**WHAT TO PRODUCE:**
Repeat the lines below exactly as written, please, from the line with "using suminf_discounted_le_of_step[OF gamma" to the line with "prob_flag_sa_dist_intervened[where pi_dag = pi_dag])", both lines included, and no others.

Start of RECORDS PROVIDED

lemma prob_flag_sa_dist_intervened:
  "measure_pmf.prob (flag_sa_dist I P pol d0 t) {(x, a). snd x \<and> (fst x, a) \<in> I}
     = measure_pmf.prob (sa_dist (absorb_kernel I P) (ext_policy pol pi_dag) (map_pmf Some d0) t)
         {(Some s, a) | s a. (s, a) \<in> I}"
proof -
  define X where "X = flag_dist I P pol d0 t"
  have "sa_dist (absorb_kernel I P) (ext_policy pol pi_dag) (map_pmf Some d0) t
      = bind_pmf X (\<lambda>x. map_pmf (Pair (alive_state x)) (ext_policy pol pi_dag (alive_state x)))"
    by (simp add: sa_dist_def X_def bind_map_pmf flip: map_alive_state_flag_dist)
  moreover have "flag_sa_dist I P pol d0 t = bind_pmf X (\<lambda>x. map_pmf (Pair x) (pol (fst x)))"
    by (simp add: flag_sa_dist_def flag_dist_def X_def sa_dist_def)
  moreover have "emeasure (map_pmf (Pair x) (pol (fst x))) {(x, a). snd x \<and> (fst x, a) \<in> I}
      = emeasure (map_pmf (Pair (alive_state x)) (ext_policy pol pi_dag (alive_state x)))
          {(Some s, a) | s a. (s, a) \<in> I}" for x
    by (cases x) (auto simp: alive_state_def ext_policy_def vimage_def)
  ultimately show ?thesis
    by (simp add: measure_def emeasure_bind_pmf del: emeasure_map_pmf)
qed

lemma pmf_state_dist_le_shielded_plus_dropped:
  assumes "\<And>s a. (s, a) \<notin> I \<Longrightarrow> pmf (pol s) a \<le> pmf (pol' s) a"
  shows "pmf (state_dist P pol d0 t) s
     \<le> pmf (state_dist P pol' d0 t) s + measure_pmf.prob (flag_dist I P pol d0 t) {x. \<not> snd x \<and> fst x = s}"
proof -
  define X where "X = flag_dist I P pol d0 t"
  have "pmf (state_dist P pol d0 t) s = measure_pmf.prob X (fst -` {s})"
    by (simp add: X_def pmf_map flip: map_fst_flag_dist[of I P pol d0 t])
  also have "fst -` {s} = {x. snd x \<and> fst x = s} \<union> {x. \<not> snd x \<and> fst x = s}"
    by auto
  also have "measure_pmf.prob X \<dots> = measure_pmf.prob X (alive_state -` {Some s})
      + measure_pmf.prob X {x. \<not> snd x \<and> fst x = s}"
    by (subst measure_pmf.finite_measure_Union)
       (auto simp: alive_state_def vimage_def intro!: arg_cong[where f = "measure_pmf.prob X"])
  also have "measure_pmf.prob X (alive_state -` {Some s})
      = pmf (state_dist (absorb_kernel I P) (ext_policy pol undefined) (map_pmf Some d0) t) (Some s)"
    by (simp add: X_def pmf_map flip: map_alive_state_flag_dist)
  also have "\<dots> \<le> pmf (state_dist P pol' d0 t) s"
    by (rule pmf_absorb_state_dist_le[OF assms])
  finally show ?thesis by (simp add: X_def)
qed

lemma emeasure_flag_dist_dropped_Suc_le:
  assumes tri: "\<And>a. P s_tri a = return_pmf s_circ"
    and circ: "\<And>a. P s_circ a = return_pmf s_circ"
    and safe: "\<And>s a. (s, a) \<in> I \<Longrightarrow> s \<noteq> s_tri \<and> s \<noteq> s_circ"
  shows "emeasure (flag_dist I P pol d0 (Suc t)) {x. \<not> snd x \<and> fst x \<noteq> s_circ}
    \<le> emeasure (flag_dist I P pol d0 t) {x. \<not> snd x \<and> fst x \<noteq> s_tri \<and> fst x \<noteq> s_circ}
      + emeasure (flag_sa_dist I P pol d0 t) {(x, a). snd x \<and> (fst x, a) \<in> I}"
proof -
  define XA where "XA = flag_sa_dist I P pol d0 t"
  define dropped_safe where "dropped_safe = {x. \<not> snd x \<and> fst x \<noteq> s_tri \<and> fst x \<noteq> s_circ}"
  define intervened where "intervened = {(x, a). snd x \<and> (fst x, a) \<in> I}"
  have "emeasure (flag_kernel I P x a) {x. \<not> snd x \<and> fst x \<noteq> s_circ}
      \<le> indicator (fst -` dropped_safe) (x, a) + indicator intervened (x, a)" for x a
  proof -
    obtain s f where x: "x = (s, f)" by fastforce
    have kernel: "emeasure (flag_kernel I P x a) {x. \<not> snd x \<and> fst x \<noteq> s_circ}
       = emeasure (P s a) {s'. \<not> (f \<and> (s, a) \<notin> I) \<and> s' \<noteq> s_circ}"
      by (simp add: x flag_kernel_def vimage_def)
    consider "f \<and> (s, a) \<notin> I" | "s = s_tri \<or> s = s_circ"
      | "(x, a) \<in> intervened \<or> x \<in> dropped_safe"
      by (auto simp: x intervened_def dropped_safe_def)
    then show ?thesis
    proof cases
      case 1
      then show ?thesis by (simp add: kernel)
    next
      case 2
      then have "P s a = return_pmf s_circ" using tri circ by auto
      then show ?thesis by (simp add: kernel)
    next
      case 3
      have "emeasure (flag_kernel I P x a) {x. \<not> snd x \<and> fst x \<noteq> s_circ} \<le> 1"
        by (rule measure_pmf.emeasure_le_1)
      also have "(1::ennreal) \<le> indicator (fst -` dropped_safe) (x, a) + indicator intervened (x, a)"
        using 3 by (auto intro: add_increasing add_increasing2)
      finally show ?thesis .
    qed
  qed
  then have "emeasure (flag_dist I P pol d0 (Suc t)) {x. \<not> snd x \<and> fst x \<noteq> s_circ}
      \<le> (\<integral>\<^sup>+y. indicator (fst -` dropped_safe) y + indicator intervened y \<partial>XA)"
    unfolding XA_def flag_dist_def flag_sa_dist_def state_dist_Suc_sa_dist emeasure_bind_pmf
    by (intro nn_integral_mono) (auto simp: case_prod_beta)
  also have "\<dots> = emeasure (map_pmf fst XA) dropped_safe + emeasure XA intervened"
    by (simp add: nn_integral_add)
  finally show ?thesis
    by (simp add: XA_def dropped_safe_def intervened_def flag_dist_def flag_sa_dist_def map_fst_sa_dist)
qed

lemma suminf_flag_dist_dropped_le:
  assumes gamma: "0 \<le> \<gamma>" "\<gamma> < 1" and distinct: "s_tri \<noteq> s_circ"
    and tri: "\<And>a. P s_tri a = return_pmf s_circ"
    and circ: "\<And>a. P s_circ a = return_pmf s_circ"
    and safe: "\<And>s a. (s, a) \<in> I \<Longrightarrow> s \<noteq> s_tri \<and> s \<noteq> s_circ"
  shows "(\<Sum>t. \<gamma> ^ t * measure_pmf.prob (flag_dist I P pol d0 t) {x. \<not> snd x \<and> fst x = s_tri})
     \<le> (\<Sum>t. \<gamma> ^ t * measure_pmf.prob (flag_sa_dist I P pol d0 t) {(x, a). snd x \<and> (fst x, a) \<in> I})"
proof -
  define X where "X = flag_dist I P pol d0"
  define dropped_safe where "dropped_safe t = measure_pmf.prob (X t)
    {x. \<not> snd x \<and> fst x \<noteq> s_tri \<and> fst x \<noteq> s_circ}" for t
  define dropped_tri where "dropped_tri t = measure_pmf.prob (X t) {x. \<not> snd x \<and> fst x = s_tri}" for t
  define intervened where "intervened t = measure_pmf.prob (flag_sa_dist I P pol d0 t)
    {(x, a). snd x \<and> (fst x, a) \<in> I}" for t
  have step: "dropped_safe (Suc t) + dropped_tri (Suc t) \<le> dropped_safe t + intervened t" for t
  proof -
    have split: "{x. \<not> snd x \<and> fst x \<noteq> s_circ}
        = {x. \<not> snd x \<and> fst x \<noteq> s_tri \<and> fst x \<noteq> s_circ} \<union> {x. \<not> snd x \<and> fst x = s_tri}"
      using distinct by auto
    have "dropped_safe (Suc t) + dropped_tri (Suc t)
        = measure_pmf.prob (X (Suc t)) {x. \<not> snd x \<and> fst x \<noteq> s_circ}"
      unfolding split dropped_safe_def dropped_tri_def
      by (subst measure_pmf.finite_measure_Union) auto
    also have "\<dots> \<le> dropped_safe t + intervened t"
      using emeasure_flag_dist_dropped_Suc_le[OF tri circ safe, where pol = pol and ?d0.0 = d0 and t = t]
      by (simp add: X_def dropped_safe_def intervened_def measure_pmf.emeasure_eq_measure
          flip: ennreal_plus)
    finally show ?thesis .
  qed
  have start: "dropped_safe 0 = 0" "dropped_tri 0 = 0"
    by (simp_all add: dropped_safe_def dropped_tri_def X_def flag_dist_def vimage_def)
  show ?thesis
    using suminf_discounted_le_of_step[OF gamma step start]
    by (simp add: X_def dropped_safe_def dropped_tri_def intervened_def)
qed

lemma infsum_absorb_occ_intervened:
  assumes "0 \<le> \<gamma>" "\<gamma> < 1"
  shows "1 / (1 - \<gamma>) * infsum (absorb_occ \<gamma> I P pol pi_dag d0) {(Some s, a) | s a. (s, a) \<in> I}
     = (\<Sum>t. \<gamma> ^ t * measure_pmf.prob (flag_sa_dist I P pol d0 t) {(x, a). snd x \<and> (fst x, a) \<in> I})"
  using assms
  by (simp add: absorb_occ_def[abs_def] infsum_cmult_right' infsum_discounted_pmf
      prob_flag_sa_dist_intervened[where pi_dag = pi_dag])

theorem mainTheorem18:
  fixes P :: "'s \<Rightarrow> 'a \<Rightarrow> 's pmf" and d0 :: "'s pmf" and \<gamma> :: real
    and s_tri s_circ :: 's
    and Q :: "'s \<Rightarrow> 'a \<Rightarrow> real" and mu :: "'s \<Rightarrow> 'a pmf" and \<eta> :: real
    and pol :: "'s \<Rightarrow> 'a pmf" and pi_dag :: "'a pmf"
  assumes gamma: "0 \<le> \<gamma>" "\<gamma> < 1"
    and distinct: "s_tri \<noteq> s_circ"
    and tri: "\<And>a. P s_tri a = return_pmf s_circ"
    and circ: "\<And>a. P s_circ a = return_pmf s_circ"
    and d0_circ: "pmf d0 s_circ = 0"
    and Q_range: "\<And>s a. s \<noteq> s_tri \<Longrightarrow> s \<noteq> s_circ \<Longrightarrow> 0 \<le> Q s a \<and> Q s a \<le> 1"
    and eta: "0 \<le> \<eta>" "\<eta> \<le> 1"
    and partial: "partial_set (interv_set s_tri s_circ Q mu \<eta>)"
  shows "cost_value \<gamma> s_tri P pol d0
     \<le> cost_value \<gamma> s_tri P (shielded (interv_set s_tri s_circ Q mu \<eta>) mu pol) d0
       + 1 / (1 - \<gamma>) *
         infsum (absorb_occ \<gamma> (interv_set s_tri s_circ Q mu \<eta>) P pol pi_dag d0)
                {(Some s, a) | s a. (s, a) \<in> interv_set s_tri s_circ Q mu \<eta>}"
proof -
  define I where "I = interv_set s_tri s_circ Q mu \<eta>"
  define pol' where "pol' = shielded I mu pol"
  define dropped where "dropped t = measure_pmf.prob (flag_dist I P pol d0 t)
    {x. \<not> snd x \<and> fst x = s_tri}" for t
  have safe: "\<And>s a. (s, a) \<in> I \<Longrightarrow> s \<noteq> s_tri \<and> s \<noteq> s_circ"
    by (simp add: I_def interv_set_def)
  have dom: "\<And>s a. (s, a) \<notin> I \<Longrightarrow> pmf (pol s) a \<le> pmf (pol' s) a"
    by (simp add: pol'_def pmf_le_shielded)
  have summable: "summable (\<lambda>t. \<gamma> ^ t * f t)" if "\<And>t. 0 \<le> f t" "\<And>t. f t \<le> 1" for f
    by (rule summable_discounted) (use gamma that in auto)
  have "cost_value \<gamma> s_tri P pol d0 = (\<Sum>t. \<gamma> ^ t * pmf (state_dist P pol d0 t) s_tri)"
    by (rule cost_value_eq_suminf_pmf)
  also have "\<dots> \<le> (\<Sum>t. \<gamma> ^ t * pmf (state_dist P pol' d0 t) s_tri + \<gamma> ^ t * dropped t)"
    using pmf_state_dist_le_shielded_plus_dropped[OF dom] gamma
    by (intro suminf_le summable_add summable)
       (auto simp: dropped_def pmf_le_1 simp flip: distrib_left intro!: mult_left_mono)
  also have "\<dots> = cost_value \<gamma> s_tri P pol' d0 + (\<Sum>t. \<gamma> ^ t * dropped t)"
    by (subst suminf_add[symmetric]) (auto simp: cost_value_eq_suminf_pmf dropped_def pmf_le_1 intro!: summable)
  also have "(\<Sum>t. \<gamma> ^ t * dropped t)
      \<le> 1 / (1 - \<gamma>) * infsum (absorb_occ \<gamma> I P pol pi_dag d0) {(Some s, a) | s a. (s, a) \<in> I}"
    unfolding infsum_absorb_occ_intervened[OF gamma] dropped_def
    by (rule suminf_flag_dist_dropped_le[OF gamma distinct tri circ safe])
  finally show ?thesis by (simp add: I_def pol'_def)
qed

end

End of RECORDS PROVIDED

**ANSWER BOX:**
    using suminf_discounted_le_of_step[OF gamma step start]
    by (simp add: X_def dropped_safe_def dropped_tri_def intervened_def)
qed

lemma infsum_absorb_occ_intervened:
  assumes "0 \<le> \<gamma>" "\<gamma> < 1"
  shows "1 / (1 - \<gamma>) * infsum (absorb_occ \<gamma> I P pol pi_dag d0) {(Some s, a) | s a. (s, a) \<in> I}
     = (\<Sum>t. \<gamma> ^ t * measure_pmf.prob (flag_sa_dist I P pol d0 t) {(x, a). snd x \<and> (fst x, a) \<in> I})"
  using assms
  by (simp add: absorb_occ_def[abs_def] infsum_cmult_right' infsum_discounted_pmf
      prob_flag_sa_dist_intervened[where pi_dag = pi_dag])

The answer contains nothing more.